9 July, 2024

flespi AI Platform Gen3

Driving evolution: key insights and development notes on our AI architecture.

In the latest June 2024 Changelog, I shared the results we achieved with codi, our AI assistant. Here are the same statistics expressed as percentages, along with preliminary data for July (not yet final):

As you can see, it organically grew from month to month and then boomed in June. Once this happened, and we detected a preference change among our users to chat with codi rather than with humans, we enabled its engagement in semi-automatic mode. However, it's important to note that chat AI usage surged before we enabled semi-automatic codi engagement.

It was the combined result of focused attention on our AI platform, the knowledge we constantly adopted for AI, and the third secret ingredient: a set of LLM models we use for chat completion.

In this article, I will share the best practices and know-how we’ve developed from spending thousands of hours on AI over the last 9 months. This experience is quite unique because our entire AI platform has been crafted in-house from the ground up and it doesn't rely on external modules except for two of them: the LLM text generation service and vector storage for knowledge retrieval.

Here’s what we’ll cover:

AI platform architecture

Let's make a little dive into the 9-month history of harsh riding the AI — from zero to full-featured platform.

First generation

I became acquainted with AI in October 2023, and by the end of December 2023, we released the very first generation of our AI platform.

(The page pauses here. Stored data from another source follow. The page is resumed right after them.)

lemma xi_ratio_eq_ratio_red:
  assumes "0 < E0" "0 < V" "V < E0" and "Pr (1 - V/E0) \<noteq> 0"
  shows "xi (1/2) E0 phi V / xi (-1/2) E0 phi V * (zeta E0 phi V / xi (-1/2) E0 phi V)
    = ratio_red (1 - V/E0)"
proof -
  define a where "a = 1 - V/E0"
  have a: "0 < a" "a < 1" using subst_param_bounds[OF assms(2,3)] by (simp_all add: a_def)
  define r where "r = sqrt a"
  have r: "0 < r" "a = r * r" using a by (simp_all add: r_def)
  have "-4 * pi * ((2 * r - (1 - a) / r) * P a - 2 * (1 - a) * r * dP a)
      = 4 * pi / r * ((1 - 3 * a) * P a + 2 * (1 - a) * (a * dP a))"
    using r by (simp add: field_simps)
  then have zeta: "zeta E0 phi V = 4 * pi * a^n / r * ((1 - 3 * a) * Pr a + 2 * (1 - a) * Tr a)"
    using zeta_eq[OF assms(1-3)] P_eq_power_mult_Pr[of a] dP_eq_power_mult_Tr[of a] a
    unfolding a_def[symmetric] r_def[symmetric] by (simp add: algebra_simps)
  have xi_minus: "xi (-1/2) E0 phi V = 8 * pi * r * (a^n * Pr a)"
    using xi_minus_half_eq[OF assms(1-3)] P_eq_power_mult_Pr a by (simp add: a_def r_def)
  have xi_plus: "xi (1/2) E0 phi V = 8 * pi * a * r / (1 - a)^2 * (a^n * Sr a)"
    using xi_half_eq[OF assms(1-3)] by (simp add: a_def r_def)
  have alg: "(8 * pi * a * r / b^2 * (an * S)) / (8 * pi * r * (an * p)) * ((4 * pi * an / r * X) / (8 * pi * r * (an * p)))
      = S * X / (2 * b^2 * p^2)" if "a = r * r" "0 < r" "b \<noteq> 0" "p \<noteq> 0" "an \<noteq> 0" for an b p S X
    using that by (simp add: field_simps power2_eq_square)
  then show ?thesis
    unfolding xi_minus xi_plus zeta ratio_red_def a_def[symmetric]
    using r a assms(4)[folded a_def] by (intro alg) auto
qed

In short, it was a highly efficient live documentation system. Its primary goal was to generate answers based on the knowledge in flespi documentation, saving our users time from searching for and reading our Knowledge Base articles.

From a technical point of view, it was a two-stage architecture. In the first stage, it generated a chat communication summary, which was then used to retrieve chunks of knowledge from the vector database. These chunks were then embedded into the LLM prompt to supply the model with the most recent knowledge. The model was instructed to formulate the answer using reasoning based purely on the embedded knowledge. You can read more technical details here.


Such architecture is called RAG (Retrieval-Augmented Generation), and it worked exceptionally well. However, the limitation was the context window size and the amount of instructions and data we could supply to the model. Essentially, if we wanted more (and we did!), we had to change something to accommodate divergent and unrelated tasks.

Second generation

Our next step, the second generation of the AI platform, was released at the end of February. We completely revamped the platform architecture and split the answer generation functionality into different independent modules: a module that handled the communication part and several modules focused on serving narrow knowledge domains. We called the communication module the "agent", while the narrow knowledge domain modules were called "experts".

The agent's primary mission was to communicate with the user in their language, query specialized experts in English with questions, and combine their responses into a single answer for the user. The agent was provided with minimal access to user data and had very limited knowledge about flespi — just enough to understand which expert it needed to forward the question to. It didn’t use any RAG either; it simply orchestrated the communication with the user by querying experts and combining the information received from them into the final response.

Experts, on the other hand, were designed solely to answer questions within specific knowledge domains and had no access to the communication context in the chat. Initially, we started with support and API experts.

The support expert was essentially an instance of our first-generation AI platform. It no longer needed the chat context summarization layer and directly passed the question from the agent to the vector database to retrieve related knowledge chunks for RAG. Over time, we equipped it with additional tools it could call on demand, such as a PVM code generator, which we also tested as a dedicated expert at one point, and a flespi expressions generation tool, which we considered providing to the communication agent as a dedicated expert.

The API expert was specifically instructed to correctly answer REST API and development-related questions. Its knowledge was primarily based on the flespi REST API documentation, and we equipped it with a special tool to provide the actual API call JSON schema when needed.


The architecture looked good on paper, but in real-life scenarios, several drawbacks became apparent:

  • Inability of the communication agent to correctly and stably identify which expert to address questions to. Some borderline questions, like programming on PVM or MQTT topics, were addressed to one or another expert during the chat session with the user, resulting in a not very straightforward and confusing line of answers.

  • Sometimes the communication agent answered questions directly without querying experts first. I believe this could be fixed with correct prompt instructions, but in the alternative case, we were losing the whole idea of this communication with an agent in the middle. And answers without expert assistance were immediately noticeable for their poor quality based on very generic knowledge. You could notice such answers when LLM uses words like "typically" — it just assumed something.

  • Response performance slowed down. LLM received the question, generated its own question to the expert, waited until the expert provided it, and then copied the expert's response. Almost twice as many tokens were generated in that scheme!

  • Still, experts lacked knowledge of real user data and were only able to answer theoretical questions.

  • The agent didn’t understand the value of the user data it was provided and could not correctly identify which pieces of that data to include in its questions to experts.

After initial testing followed by multiple attempts to tune this architecture, it became clear that an agent that communicates directly with the user must have RAG in order to behave correctly.

Third generation

As soon as we understood these problems, we started to work on the next generation of our AI platform, which we were able to release by the end of March — in less than one month. It combines all the best from the two previous generations, is powerful, easily expandable, and as of today, it has no known problems or disadvantages.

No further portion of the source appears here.